After many months of rumors and speculation, the Cubs finally pulled the ripcord on their rebuild in earnest at last year’s trade deadline. In quick succession, Kris Bryant, Javier Baez, Anthony Rizzo, Craig Kimbrel, Ryan Tepera, Andrew Chafin, Jake Marisnick and Trevor Williams were all given opportunities elsewhere.
Now the roster mostly consists of new faces, a combination of players with limited big league resumes and more experienced players acquired since the offseason began. That leaves five-year veteran Ian Happ as one of the longer tenured Cubs remaining, despite having just turned 27 in August. Assuming there are no drastic changes to the service time structure in the upcoming CBA, the Cubs can keep Happ around for two more seasons via arbitration. That makes him an interesting trade chip if the Cubs don’t return to being competitive in the next two years.
How hard they intend to try to compete in the short-term is an open question at this point. After such an aggressive selloff, it stands to reason that they will take some time executing the standard rebuild playbook of focusing on loading the farm system with prospects and using the big league team to evaluate younger talent. Going into the offseason, president of baseball operations Jed Hoyer said that the club would be “really active in free agency” but “spend money intelligently.” Since then, the club has been more active than some expected, adding Wade Miley, Yan Gomes and Marcus Stroman. However, the team still has flaws. It’s just one metric, but FanGraphs’ Depth Charts currently peg the Cubs 27th in the league in projected WAR for 2022.
The team could certainly still pursue upgrades, as their projected $114MM payroll, per Jason Martinez of Roster Resource, would be almost $90MM shy of their franchise record, per Cot’s Baseball Contracts. However, they have mostly eschewed lengthy commitments recently, meaning that their books open up even more after 2023. Willson Contreras and Wade Miley are set to reach free agency after this year, Jason Heyward after 2023. Kyle Hendricks and Yan Gomes have two guaranteed years remaining, with the Cubs holding club options over both for 2024. That means that the only guarantees for 2024 are the $21MM for the last year of Marcus Stroman’s deal, which he has the ability to opt out of, and the last guaranteed year of David Bote’s extension, which is just $5.5MM. (There are also opt-outs of $1MM and $500K on Bote’s options for 2025 and 2026.)
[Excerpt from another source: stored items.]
lemma mat_act_Ur:
  assumes "strictly_upper n U" and "c < n" and "r < n"
  shows "mat_act n (Ur n U r) f c = (if c = r then mat_act n U f c else 0)"
  using assms unfolding mat_act_def Ur_def strictly_upper_def
  by (auto intro!: sum.cong[OF refl] sum.neutral)

lemma length_B_FUTR: "0 < n \<Longrightarrow> length (B_FUTR n L U) = n"
  unfolding B_FUTR_def by simp

lemma nth_B_FUTR_last: "0 < n \<Longrightarrow> B_FUTR n L U ! (n - 1) = L"
  unfolding B_FUTR_def by (simp add: nth_append)

lemma nth_B_FUTR: "j < n - 1 \<Longrightarrow> B_FUTR n L U ! j = Ur n U (n - 2 - j)"
  unfolding B_FUTR_def by (simp add: nth_append)

lemma sum_B_FUTR_row:
  assumes U: "strictly_upper n U" and c: "c < n"
  shows "(\<Sum>j<n. if Q j then mat_act n (B_FUTR n L U ! j) (X j) c else 0)
    = (if Q (n - 1) then mat_act n L (X (n - 1)) c else 0)
      + (if c + 2 \<le> n \<and> Q (n - 2 - c) then mat_act n U (X (n - 2 - c)) c else 0)"
proof -
  obtain m where nm: "n = Suc m" using c by (cases n) auto
  have "(\<Sum>j<m. if Q j then mat_act n (B_FUTR n L U ! j) (X j) c else 0)
    = (\<Sum>j<m. if j = n - 2 - c then (if c + 2 \<le> n \<and> Q j then mat_act n U (X j) c else 0) else 0)"
  proof (rule sum.cong[OF refl])
    fix j assume "j \<in> {..<m}"
    hence j: "j < n - 1" using nm by simp
    have "mat_act n (B_FUTR n L U ! j) (X j) c = (if c = n - 2 - j then mat_act n U (X j) c else 0)"
      unfolding nth_B_FUTR[OF j] using U c j by (simp add: mat_act_Ur)
    moreover have "c = n - 2 - j \<longleftrightarrow> j = n - 2 - c \<and> c + 2 \<le> n" using j by auto
    ultimately show "(if Q j then mat_act n (B_FUTR n L U ! j) (X j) c else 0)
      = (if j = n - 2 - c then (if c + 2 \<le> n \<and> Q j then mat_act n U (X j) c else 0) else 0)"
      by auto
  qed
  also have "\<dots> = (if c + 2 \<le> n \<and> Q (n - 2 - c) then mat_act n U (X (n - 2 - c)) c else 0)"
    using nm by (simp add: sum.delta')
  finally show ?thesis using nth_B_FUTR_last[of n L U] nm by simp
qed

text \<open>Row \<open>c\<close> of block \<open>k\<close> of \<open>\<U> x = z (I - \<L>) x\<close> for \<open>B_FUTR\<close>, the block vector \<open>x\<close>
  being encoded as \<open>X k c\<close>. Row \<open>c\<close> is touched only by the last block \<open>L\<close> and by block
  \<open>n - 2 - c\<close>, i.e. \<open>Ur n U c\<close>, which belongs to \<open>\<U>\<close> iff \<open>c + k + 2 \<le> n\<close>.\<close>

definition futr_eq ::
    "nat \<Rightarrow> real mat \<Rightarrow> real mat \<Rightarrow> complex \<Rightarrow> (nat \<Rightarrow> nat \<Rightarrow> complex) \<Rightarrow> nat \<Rightarrow> nat \<Rightarrow> bool" where
  "futr_eq n L U z X k c \<longleftrightarrow>
     mat_act n L (X (n - 1)) c + (if c + k + 2 \<le> n then mat_act n U (X (n - 2 - c)) c else 0)
     = z * (X k c - (if c + 2 \<le> n \<and> n \<le> c + k + 1 then mat_act n U (X (n - 2 - c)) c else 0))"

lemma mat_act_B_FUTR_iff_futr_eq:
  assumes U: "strictly_upper n U" and k: "k < n" and c: "c < n"
  shows "mat_act (n * n) (blockU n (B_FUTR n L U)) (\<lambda>a. X (a div n) (a mod n)) (k * n + c)
      = z * mat_act (n * n) (1\<^sub>m (n * n) - blockL n (B_FUTR n L U)) (\<lambda>a. X (a div n) (a mod n)) (k * n + c)
    \<longleftrightarrow> futr_eq n L U z X k c"
proof -
  let ?f = "\<lambda>a. X (a div n) (a mod n)"
  have len: "length (B_FUTR n L U) = n" using k by (simp add: length_B_FUTR)
  have "mat_act (n * n) (blockU n (B_FUTR n L U)) ?f (k * n + c)
    = mat_act n L (X (n - 1)) c + (if c + k + 2 \<le> n then mat_act n U (X (n - 2 - c)) c else 0)"
    unfolding mat_act_blockU[OF len k c] sum_B_FUTR_row[OF U c] using k
    by (auto intro!: arg_cong2[where f = "(+)"])
  moreover have "mat_act (n * n) (blockL n (B_FUTR n L U)) ?f (k * n + c)
    = (if c + 2 \<le> n \<and> n \<le> c + k + 1 then mat_act n U (X (n - 2 - c)) c else 0)"
    unfolding mat_act_blockL[OF len k c] sum_B_FUTR_row[OF U c] using k
    by (auto intro!: arg_cong2[where f = "(+)"])
  moreover have "mat_act (n * n) (1\<^sub>m (n * n) - blockL n (B_FUTR n L U)) ?f (k * n + c)
    = X k c - mat_act (n * n) (blockL n (B_FUTR n L U)) ?f (k * n + c)"
    using mat_act_one_minus[of "blockL n (B_FUTR n L U)" "n * n"] mult_add_less_mult[OF k c] c
    unfolding blockL_def len by simp
  ultimately show ?thesis unfolding futr_eq_def by simp
qed

lemma eigenvalue_iter_mat_B_FUTR_iff:
  assumes U: "strictly_upper n U" and n: "0 < n"
  shows "eigenvalue (map_mat complex_of_real (iter_mat n (B_FUTR n L U))) z
    \<longleftrightarrow> (\<exists>X. (\<exists>k<n. \<exists>c<n. X k c \<noteq> 0) \<and> (\<forall>k<n. \<forall>c<n. futr_eq n L U z X k c))"
proof -
  let ?Bs = "B_FUTR n L U"
  let ?A = "1\<^sub>m (n * n) - blockL n ?Bs"
  have len: "length ?Bs = n" using n by (rule length_B_FUTR)
  have A: "?A \<in> carrier_mat (n * n) (n * n)" and B: "blockU n ?Bs \<in> carrier_mat (n * n) (n * n)"
    unfolding blockL_def blockU_def len by auto
  have det: "det ?A \<noteq> 0" using det_one_minus_blockL[OF len] by simp
  have "eigenvalue (map_mat complex_of_real (iter_mat n ?Bs)) z
    \<longleftrightarrow> (\<exists>f. (\<exists>a<n * n. f a \<noteq> 0) \<and>
          (\<forall>a<n * n. mat_act (n * n) (blockU n ?Bs) f a = z * mat_act (n * n) ?A f a))"
    unfolding iter_mat_def len by (rule eigenvalue_minv_mult_iff[OF A B det])
  also have "\<dots> \<longleftrightarrow> (\<exists>X. (\<exists>k<n. \<exists>c<n. X k c \<noteq> 0) \<and> (\<forall>k<n. \<forall>c<n.
      mat_act (n * n) (blockU n ?Bs) (\<lambda>a. X (a div n) (a mod n)) (k * n + c)
      = z * mat_act (n * n) ?A (\<lambda>a. X (a div n) (a mod n)) (k * n + c)))"
    by (rule ex_block_fun_iff)
  also have "\<dots> \<longleftrightarrow> (\<exists>X. (\<exists>k<n. \<exists>c<n. X k c \<noteq> 0) \<and> (\<forall>k<n. \<forall>c<n. futr_eq n L U z X k c))"
    using mat_act_B_FUTR_iff_futr_eq[OF U] by simp
  finally show ?thesis .
qed

lemma eigenvalue_B_bGS_iff:
  assumes L: "L \<in> carrier_mat n n" and U: "strictly_upper n U"
  shows "eigenvalue (map_mat complex_of_real (B_bGS n L U)) z
    \<longleftrightarrow> (\<exists>y. (\<exists>c<n. y c \<noteq> 0) \<and> (\<forall>c<n. mat_act n L y c = z * (y c - mat_act n U y c)))"
proof -
  have Uc: "U \<in> carrier_mat n n" using U unfolding strictly_upper_def by simp
  have A: "1\<^sub>m n - U \<in> carrier_mat n n" using Uc by (intro minus_carrier_mat) auto
  have "det (1\<^sub>m n - U) = 1"
    by (rule det_unit_upper_triangular[OF A]) (use U in \<open>auto simp: strictly_upper_def\<close>)
  hence "eigenvalue (map_mat complex_of_real (B_bGS n L U)) z
    \<longleftrightarrow> (\<exists>y. (\<exists>c<n. y c \<noteq> 0) \<and> (\<forall>c<n. mat_act n L y c = z * mat_act n (1\<^sub>m n - U) y c))"
    unfolding B_bGS_def by (intro eigenvalue_minv_mult_iff[OF A L]) simp
  thus ?thesis using mat_act_one_minus[OF Uc] by simp
qed

context
  fixes n :: nat and L U :: "real mat" and z :: complex and X :: "nat \<Rightarrow> nat \<Rightarrow> complex"
  assumes U: "strictly_upper n U" and z: "z \<noteq> 0"
    and E: "\<forall>k<n. \<forall>c<n. futr_eq n L U z X k c"
begin

lemma futr_eq_last_block:
  assumes k: "k < n" and c: "c < n" and "n \<le> c + k + 1"
  shows "X k c = X (n - 1) c"
proof -
  let ?G = "if c + 2 \<le> n then mat_act n U (X (n - 2 - c)) c else 0"
  have "mat_act n L (X (n - 1)) c = z * (X k c - ?G)"
    using E[rule_format, OF k c] assms(3) unfolding futr_eq_def by auto
  moreover have "mat_act n L (X (n - 1)) c = z * (X (n - 1) c - ?G)"
    using E[rule_format, of "n - 1" c] c unfolding futr_eq_def by auto
  ultimately show ?thesis using z by simp
qed

lemma futr_eq_upper_block:
  assumes c: "c < n"
  shows "mat_act n U (X (n - 2 - c)) c = mat_act n U (X (n - 1)) c"
proof (rule mat_act_strictly_upper_cong[OF U c])
  fix c' assume "c < c'" "c' < n"
  thus "X (n - 2 - c) c' = X (n - 1) c'" by (intro futr_eq_last_block) auto
qed

lemma futr_eq_imp_bGS_eq:
  assumes c: "c < n"
  shows "mat_act n L (X (n - 1)) c = z * (X (n - 1) c - mat_act n U (X (n - 1)) c)"
proof (cases "c + 2 \<le> n")
  case True
  thus ?thesis
    using E[rule_format, of "n - 1" c] c futr_eq_upper_block[OF c] unfolding futr_eq_def by auto
next
  case False
  hence "c = n - 1" using c by simp
  hence "mat_act n U (X (n - 1)) c = 0" using mat_act_strictly_upper_last_row[OF U] by simp
  thus ?thesis using E[rule_format, of "n - 1" c] c False unfolding futr_eq_def by auto
qed

lemma futr_eq_last_block_zero_imp_zero:
  assumes y: "\<forall>c<n. X (n - 1) c = 0" and k: "k < n" and c: "c < n"
  shows "X k c = 0"
proof (cases "n \<le> c + k + 1")
  case True
  thus ?thesis using futr_eq_last_block[OF k c] y c by simp
next
  case False
  have "mat_act n L (X (n - 1)) c = 0" "mat_act n U (X (n - 1)) c = 0"
    using y by (simp_all add: mat_act_eq_0)
  hence "z * X k c = 0"
    using E[rule_format, OF k c] False futr_eq_upper_block[OF c] unfolding futr_eq_def by auto
  thus ?thesis using z by simp
qed

end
Perhaps the most logical course for the Cubs from here is to spend two years figuring out which young players are part of the future and then using those empty books to decide how to spend money building around them. They could then spend wildly on their areas of greatest need, as the Tigers and Rangers have done this offseason.
Coming out of the lockout, it’s widely expected that there will be a mad flurry of transactions, perhaps rivalling or even surpassing the frenzy that occurred prior to the lockout. The Cubs would be able to be patient, as Happ would likely have just as much appeal at the trade deadline. He can fit on just about any club’s roster as he has versatility in more ways than one. For starters, he’s a switch hitter, although he does have a significant platoon split. (Career wRC+ of 121 from the left side but just 85 from the right.) Secondly, he’s can play most positions on the diamond. Although he’s played more outfield than infield in the past couple seasons, he still saw time at first, second and third base in 2021. The last time he played more than 20 games in a season at any one infield position was the 44 games he played at second base back in 2017, but teams still love a player with versatility, even if they hope not to need it.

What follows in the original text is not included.